Bug 17470 - readLines buffering with pipes
Summary: readLines buffering with pipes
Status: CLOSED FIXED
Alias: None
Product: R
Classification: Unclassified
Component: I/O (show other bugs)
Version: R 3.5.0
Hardware: x86_64/x64/amd64 (64-bit) Windows 64-bit
: P5 normal
Assignee: R-core
URL:
Depends on:
Blocks:
 
Reported: 2018-09-13 07:40 UTC by Chris Culnane
Modified: 2018-09-14 14:57 UTC (History)
1 user (show)

See Also:


Attachments

Note You need to log in before you can comment on or make changes to this bug.
Description Chris Culnane 2018-09-13 07:40:07 UTC
Bug 17432 is still a problem when using pipes for IPC. 

The bug is evident when calling R from another process and trying to communicate via StdIn. R will buffer the input and not read lines until the buffer is exceeded or StdIn is closed by the sending process. This prevents interactive communication between a calling process and a child R process. 

From a quick look at the source code, it looks like the bug is caused by only disabling buffering when isatty() returns true for a file descriptor (connections.c). This fixes Bug 17432 when the script is run in a terminal, but doesn’t help for pipes, which will return false for isatty().

An example R script and python script are provided below to demonstrate the problem:

R script (example.r):
=====================
f <- file("stdin")
open(f)
while(length(line <- readLines(f,n=1)) > 0) {
  write(line, stderr())
}

Python3 script:
===============
import sys, os, subprocess
process = subprocess.Popen(['Rscript', 'example.r'], stdin=subprocess.PIPE, stdout=subprocess.PIPE) for line in sys.stdin:
    process.stdin.write((line + '\n').encode('utf-8'))
    process.stdin.flush()


Expected Behaviour:
Run python script, each line entered is echoed back immediately by the R script - which is what happens on 3.4.4

Observed Behaviiour on >=3.5.0 (include devel):
The R script does not process lines as they are sent, it only receives them when StdIn is closed.
Comment 1 Michael Lawrence 2018-09-13 12:14:30 UTC
I guess the fix is just to require that the connection is not stdin. I'll keep the isatty() check since in principle there could be terminal input that is not stdin. Will commit the fix soon.
Comment 2 Chris Culnane 2018-09-13 12:35:25 UTC
C isn't my primary programming language, but I think that might be too narrow. I assume, but haven't tested, that the same problem would occur with something like a keep-alive socket. 
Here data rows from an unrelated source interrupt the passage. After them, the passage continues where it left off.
theorem proposition3p5:
  fixes M :: "'a measure" and \<xi> \<psi> :: "'a \<Rightarrow> 'a" and \<phi> :: "real \<Rightarrow> real"
  assumes "prob_space M"
    and "\<xi> \<in> M \<rightarrow>\<^sub>M M" and "\<And>z. z \<in> space M \<Longrightarrow> \<xi> (\<xi> z) = z"
    and "distr M M \<xi> = M"
    and "\<psi> \<in> M \<rightarrow>\<^sub>M M" and "bij_betw \<psi> (space M) (space M)"
    and "\<And>z. z \<in> space M \<Longrightarrow> \<psi> (\<xi> (\<psi> (\<xi> z))) = z"
    and "\<And>z. z \<in> space M \<Longrightarrow> \<xi> (\<psi> (\<xi> (\<psi> z))) = z"
    and "\<phi> \<in> borel_measurable borel"
    and "\<And>r. r \<ge> 0 \<Longrightarrow> 0 \<le> \<phi> r \<and> \<phi> r \<le> 1"
    and "\<And>r. r > 0 \<Longrightarrow> r * \<phi> (1 / r) = \<phi> r"
    and "\<phi> 0 = 0"
  shows "reversible M (\<lambda>f. f \<circ> \<xi>) (mix_kernel M \<phi> \<xi> \<psi>)"
proof -
  interpret prob_space M by fact
  interpret involutive_kernel M \<xi> \<psi> \<phi>
    using assms by unfold_locales auto
  show ?thesis by (rule reversible_mix_kernel)
qed

end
It might be more complete to test the file type with something like stat and only buffer on appropriate types.
Comment 3 Michael Lawrence 2018-09-13 13:36:48 UTC
Ok, I have read up on UNIX file types. Sounds like we only want buffering for a regular file, but that means resolving symbolic links. I guess we should also disable buffering for fifo() and pipe() connections.
Comment 4 Chris Culnane 2018-09-14 05:30:40 UTC
Yes, I think buffering should be disabled by default for everything except regular files. There might be an argument for having it as a configurable parameter, but that might be a lot more work. For example, if you knew that the socket/pipe was going close at the end of the transmission, there could be an advantage to buffering - but that will be application specific.

In terms of resolving symbolic links, I think stat does that anyway (https://www.gnu.org/software/libc/manual/html_node/Symbolic-Links.html), so it should return the type of the destination file, not the symbolic link itself.
Comment 5 Michael Lawrence 2018-09-14 14:57:20 UTC
Yea, I saw that about stat() and breathed a sigh of a relief.